6

I have two sentences as input. Let's say for example:

<span>I love my red car.</span>
<span>I love my car.</span>

Now I want to match every textpart inside the span-tags AND if available the color.

If I use the following regex:

/<span>(.*?)(?P<color>red)(.*?)<\/span>/ms

Only the line with the color is matched. So I thought let's use ?-operator (for one or zero).

/<span>(.*?)(?P<color>red)?(.*?)<\/span>/ms

Now both lines/sentences will be matched. Sadly the color isn't matched anymore.

The question is why? By using ".*?" before the color part, I thought I had made the regex non-greedy, so that the color part would match, if it's existent. But as told, it doesn't...

netblognet
  • 1,951
  • 2
  • 20
  • 46
  • Regex + markup go together like petrol and mules: though both useful, they don't work well together. Use `DOMDocument` – Elias Van Ootegem Sep 18 '13 at 07:30
  • 1
    @EliasVanOotegem here DOMDocument is not the point since matter is about parsing `I love my red car` string, which is just plain text. – Alma Do Sep 18 '13 at 07:33
  • @AlmaDoMundo _"I want to match every textpart inside the span-tags"_ => Who's to say that the snippet provided isn't part of a bigger string of markup, containting div tags? – Elias Van Ootegem Sep 18 '13 at 07:35
  • 1
    @EliasVanOotegem I think it's irrelevant, since the question is the same regardless of whether this is in HTML or not, as long as it's "something between two somethings". – Nicole Sep 18 '13 at 07:39
  • What does this have to do with the 'one or zero' regex operator? – WiseOldDuck Sep 11 '14 at 21:44

2 Answers2

5

The first (.*?) will match between > and I and since it's lazy, it'll test the next part of the regex immediately: (?P<color>red)? but there's no red at that point, so the 0 option of ? 'activates' and the regex continues to the next part, which is (.*?). It'll again match the part between > and I and since it's lazy, it'll check the next part of the regex: <\/span> (I'm taking it as a whole).

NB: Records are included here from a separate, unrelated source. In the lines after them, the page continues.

locale companion_form =
  fixes n :: nat and \<alpha> :: "nat \<Rightarrow> nat \<Rightarrow> real"
  assumes n_pos: "0 < n"
begin

text \<open>Vectors of \<open>\<real>\<^sup>n\<close> are functions \<open>nat \<Rightarrow> real\<close> vanishing from \<open>n\<close> on (coordinates
  \<open>0, \<dots>, n - 1\<close>), so that the library's \<open>span\<close> and \<open>dim\<close> apply to them.\<close>

definition states :: "(nat \<Rightarrow> real) set" where
  "states = {z. \<forall>i\<ge>n. z i = 0}"

definition shift :: "(nat \<Rightarrow> real) \<Rightarrow> nat \<Rightarrow> real" where
  "shift z i = (if Suc i < n then z (Suc i) else 0)"

definition dot :: "(nat \<Rightarrow> real) \<Rightarrow> (nat \<Rightarrow> real) \<Rightarrow> real" where
  "dot a z = (\<Sum>i<n. a i * z i)"

abbreviation e_last :: "nat \<Rightarrow> real" where
  "e_last \<equiv> unit_fun (n - 1)"

definition companion :: "nat \<Rightarrow> (nat \<Rightarrow> real) \<Rightarrow> nat \<Rightarrow> real" where
  "companion k z = shift z + dot (\<alpha> k) z *\<^sub>R e_last"

definition rotate :: "(nat \<Rightarrow> real) \<Rightarrow> nat \<Rightarrow> real" where
  "rotate z = shift z + z 0 *\<^sub>R e_last"

fun open_loop :: "nat \<Rightarrow> (nat \<Rightarrow> real) \<Rightarrow> nat \<Rightarrow> nat \<Rightarrow> real" where
  "open_loop T z 0 = z"
| "open_loop T z (Suc j) = companion (T + j) (open_loop T z j)"

lemma linear_shift: "linear shift"
  by (rule linearI) (simp_all add: shift_def fun_eq_iff)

So the second (.*?) will match all the way there.

Indeed, your results[1] will be null, as will be results[color] (I don't remember if you have to quote color or not) and results[3] will contain I love my red car..

Hmm, one workaround is to use OR like NickC mentioned in his answer. Another you might use is by using a negative lookahead to check for each character:

<span>((?:(?!\bred\b).)*(?<colour>\bred\b)?.*)<\/span>

regex101 demo

As a side note, I would advise using the word boundaries so that you don't match things like reduce or jarred.

Jerry
  • 70,495
  • 13
  • 100
  • 144
  • 1
    Thank you for the explanation on why it doesn't work! I do like my solution as it doesn't require double entry of the possible values :) – Nicole Sep 18 '13 at 07:37
  • @NickC I was about to post something a bit like yours and then you posted your answer before I could; I just didn't want to have the same regex ^^; – Jerry Sep 18 '13 at 08:57
2

This should work:

/<span>(.*?(?P<color>red).*?|.*?)<\/span>/ms

Your original expression was pretty good. I modified it slightly to make a new outer group match the whole sentence. I used that new outer group to create an "or" condition to match "anything", in case the color is not present.

Abbreviated output:

Array
    [0] => Array
            [0] => <span>I love my red car.</span>
            [1] => <span>I love my car.</span>

    [1] => Array
            [0] => I love my red car.
            [1] => I love my car.

    [color] => Array
            [0] => red
            [1] => 
Nicole
  • 32,841
  • 11
  • 75
  • 101